Referring to Metropolitan Edison Co., Commissioner John F. Ahearne said in an interview, "it's not yet clear to me that Med Ed is unusual in this station. An operating utility doesn't have the backup staff to look at the questions in an accident this severe."
Ahearne, who emphasized that his assessment of all aspects of the Pennsylvania accident was preliminary, because complete information is not yet available, also suggested that his own agency may be structurally unfit to deal with serious nuclear mishaps.
"one of the things you have to consider," Ahearne said, "is whether a collegial commission is the way to set up to deal with a crisis. In a crisis, where you have quick response required, it probably isn't."
Ahearne was addressing two of the questions raised after transcripts of tape recordings of the commission's closed-door meetings during the crisis were made public by a House committee last week.
The transcripts, which include discussions among the five commissioners and their converstions with NRC technical experts at the accident site, portray a deep distrust of the technical abilities of Metropolitan Edison, the firm the NRC had licensed to operate the reactor.
"The whole shop there is not that strong," NRC Chairman Joseph M. Hendrie tells colleagues at one point, "and the operating staff clearly is not."
In the transcript, NRC officials complain that the utility probably exacerbated the danger at the plant by not spotting warning signs as the accident was occurring, and then failed to come up with workable solutions to the problems the accident caused.
Ahearne said yesterday the company's performance does raise questions about NRC licensing procedures, but he was not ready to single out Metropolitan Edison as unusually weak on technical points.
"this was an extreme accident," Ahearne said. "Clearly one of the issues raised is how do you get access to all the technical expertise you need."
Overlooking the warning signs, Ahearne added, "may not be the licensee's fault. It may be that we didn't set up proper procedures to follow and they were correctly following bad procedures."
Of the transcripts' portrayal-men groping for answers to problems they had not anticipated-Ahearne said, "What you're seeing is people waiting to get the next piece of information, and just talking about things while they wait."
Although he was not critical of his colleagues, Ahearne said the incident did raise a "fundamental question" about the commission's ability to handle accidents.
"I don't think anyone will come away from this not worrying," he said.
Another commissioner, Victor Gilinsky, said he thought the agency-particularly technical experts dispatched to the damaged plant-did "very well" in handling the crisis, especially considering that "the whole thing involved a situation we had not anticipated having to deal with."
We had to improvise," Gilinsky said, "but we got a solution." Asked whether Three Mile Island left him concerned or confident about the NRC'S ability to handle future problems like it, Gilinsky said, "hopefully the next time will never come."
Like Ahearne, Gilinsky emphasized that a full assessment of the accident and the government response would have to await a detailed investigation.
Other NRC officials did not respond to requests for their assessments of the transcripts.
At Three Mile Island yesterday, the utility under close guidance from NRC officials, continued to move the plant slowly toward a stable status termed "cold shutdown."
Inside the reactor, "the temperature is holding at 250 degrees and pressure at 900 pounds," said Karl Abraham of the NRC, "and it looks like it's going to stay there for a while.

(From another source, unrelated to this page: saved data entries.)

lemma vec_sumsI:
  fixes f :: "nat \<Rightarrow> 'a::real_normed_vector^'n"
  assumes "\<And>i. (\<lambda>k. f k $ i) sums (a $ i)"
  shows "f sums a"
  using assms unfolding sums_def by (intro vec_tendstoI) (simp add: sum_component)

lemma matrix_vector_mult_sums:
  fixes f :: "nat \<Rightarrow> complex^'m^'n"
  assumes "f sums s"
  shows "(\<lambda>k. f k *v u) sums (s *v u)"
proof (rule vec_sumsI)
  fix a
  have "(\<lambda>k. f k $ a $ b) sums (s $ a $ b)" for b
    using sums_vec_nth[OF sums_vec_nth[OF assms, of a], of b] .
  then have "(\<lambda>k. \<Sum>b\<in>UNIV. f k $ a $ b * u $ b) sums (\<Sum>b\<in>UNIV. s $ a $ b * u $ b)"
    by (intro sums_sum sums_mult2) auto
  then show "(\<lambda>k. (f k *v u) $ a) sums ((s *v u) $ a)"
    by (simp add: matrix_vector_mult_def)
qed

lemma matpow_entry_le_power:
  fixes S :: "complex^'p^'p"
  obtains K :: real where "K \<ge> 1" "\<And>m i j. norm (matpow S m $ i $ j) \<le> K ^ m"
proof -
  define K where "K = 1 + (\<Sum>i\<in>UNIV. \<Sum>l\<in>UNIV. norm (S $ i $ l))"
  have K1: "K \<ge> 1" unfolding K_def by (simp add: sum_nonneg)
  have row: "(\<Sum>l\<in>UNIV. norm (S $ i $ l)) \<le> K" for i
  proof -
    have "(\<Sum>l\<in>UNIV. norm (S $ i $ l)) \<le> (\<Sum>i\<in>UNIV. \<Sum>l\<in>UNIV. norm (S $ i $ l))"
      by (rule member_le_sum) (auto simp: sum_nonneg)
    then show ?thesis unfolding K_def by simp
  qed
  have "norm (matpow S m $ i $ j) \<le> K ^ m" for m i j
  proof (induction m arbitrary: i j)
    case 0 then show ?case using K1 by (simp add: mat_def)
  next
    case (Suc m)
    have "norm (matpow S (Suc m) $ i $ j) = norm (\<Sum>l\<in>UNIV. S $ i $ l * matpow S m $ l $ j)"
      by (simp add: matpow_Suc matrix_matrix_mult_def)
    also have "\<dots> \<le> (\<Sum>l\<in>UNIV. norm (S $ i $ l) * K ^ m)"
      by (rule order_trans[OF norm_sum sum_mono]) (simp add: norm_mult mult_left_mono Suc)
    also have "\<dots> = (\<Sum>l\<in>UNIV. norm (S $ i $ l)) * K ^ m" by (simp add: sum_distrib_right)
    also have "\<dots> \<le> K * K ^ m" using row K1 by (intro mult_right_mono) auto
    finally show ?case by simp
  qed
  then show ?thesis using K1 that by blast
qed

lemma summable_neumann_entry:
  fixes S :: "complex^'p^'p"
  assumes K: "K \<ge> 1" "\<And>m i j. norm (matpow S m $ i $ j) \<le> K ^ m"
    and w: "norm w < 1 / K"
  shows "summable (\<lambda>m. w^m * matpow S (m + d) $ k $ l)"
proof (rule summable_comparison_test[where g="\<lambda>m. K ^ d * (norm w * K)^m"])
  have "norm w * K < 1" using w K(1) by (simp add: field_simps)
  then show "summable (\<lambda>m. K ^ d * (norm w * K)^m)"
    using K(1) by (intro summable_mult summable_geometric) (simp add: abs_of_nonneg)
  have "norm (w^m * matpow S (m + d) $ k $ l) \<le> K ^ d * (norm w * K) ^ m" for m
  proof -
    have "norm (w^m * matpow S (m + d) $ k $ l) \<le> norm w ^ m * K ^ (m + d)"
      unfolding norm_mult norm_power by (intro mult_left_mono K(2)) auto
    then show ?thesis by (simp add: power_add power_mult_distrib mult_ac)
  qed
  then show "\<exists>N. \<forall>m\<ge>N. norm (w^m * matpow S (m + d) $ k $ l) \<le> K ^ d * (norm w * K) ^ m"
    by blast
qed

lemma neumann_series_column:
  fixes S :: "complex^'p^'p"
  assumes K: "K \<ge> 1" "\<And>m i j. norm (matpow S m $ i $ j) \<le> K ^ m"
    and w: "norm w < 1 / K"
  shows "(mat 1 - csm w S) *v (\<chi> k. \<Sum>m. w^m * matpow S m $ k $ l) = axis l 1"
proof -
  define a where "a j m = w^m * matpow S m $ j $ l" for j m
  have sa: "summable (a j)" for j
    unfolding a_def using summable_neumann_entry[OF K w, of 0] by simp
  have sa1: "summable (\<lambda>m. w^m * matpow S (Suc m) $ i $ l)" for i
    using summable_neumann_entry[OF K w, of 1] by simp
  have "((mat 1 - csm w S) *v (\<chi> k. suminf (a k))) $ i = axis l 1 $ i" for i
  proof -
    have "((mat 1 - csm w S) *v (\<chi> k. suminf (a k))) $ i
        = (\<Sum>j\<in>UNIV. ((if i = j then 1 else 0) - w * S $ i $ j) * suminf (a j))"
      by (simp add: matrix_vector_mult_def mat_def csm_def)
    also have "\<dots> = (\<Sum>j\<in>UNIV. (if i = j then suminf (a j) else 0)) - (\<Sum>j\<in>UNIV. w * (S $ i $ j * suminf (a j)))"
      by (subst sum_subtractf[symmetric]) (rule sum.cong, auto simp: algebra_simps)
    also have "\<dots> = suminf (a i) - w * (\<Sum>j\<in>UNIV. S $ i $ j * suminf (a j))"
      by (simp add: sum_distrib_left)
    also have "(\<Sum>j\<in>UNIV. S $ i $ j * suminf (a j)) = (\<Sum>j\<in>UNIV. \<Sum>m. S $ i $ j * a j m)"
      using sa by (simp add: suminf_mult)
    also have "\<dots> = (\<Sum>m. \<Sum>j\<in>UNIV. S $ i $ j * a j m)"
      by (rule suminf_sum[symmetric]) (intro summable_mult sa)
    also have "\<dots> = (\<Sum>m. w^m * matpow S (Suc m) $ i $ l)"
      by (simp add: a_def matpow_Suc matrix_matrix_mult_def sum_distrib_left mult_ac)
    also have "w * \<dots> = (\<Sum>m. a i (Suc m))"
      using sa1 by (subst suminf_mult[symmetric]) (auto simp: a_def mult_ac)
    also have "\<dots> = suminf (a i) - a i 0"
      using sa by (rule suminf_split_head)
    finally show ?thesis by (simp add: a_def[of i 0] axis_def mat_def)
  qed
  then show ?thesis by (simp add: vec_eq_iff a_def[abs_def])
qed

It looks like that's where the reactor wants to go."
NRC officials said Friday it should take until mid-week to get the plant temperature down to about 200 degrees Fahrenheit, at which point the major cooling system can be restarted and the reactor brought down to its normal temperature.
Thereafter, however, it may take months for the high levels of radioactivity within the plant's concrete containment structure to dissipate. Hendrie told a congressional committee last week that eliminating the radioactivity and other clean-up operations will cost "at least tens of millions of dollars."
With the Three Mile Island plant out of operation, Metropolitan Edison is buying power from other utilities to make up the difference. This cost, several hundred thousand dollars daily, is being passed on automatically to its customers.
An insurance pool that has been compensating Pennsylvanians who fled homes within five miles of the reactor said that it has paid about $1 million, but that claims for lost wages, lost business, and anxiety have not yet been processed.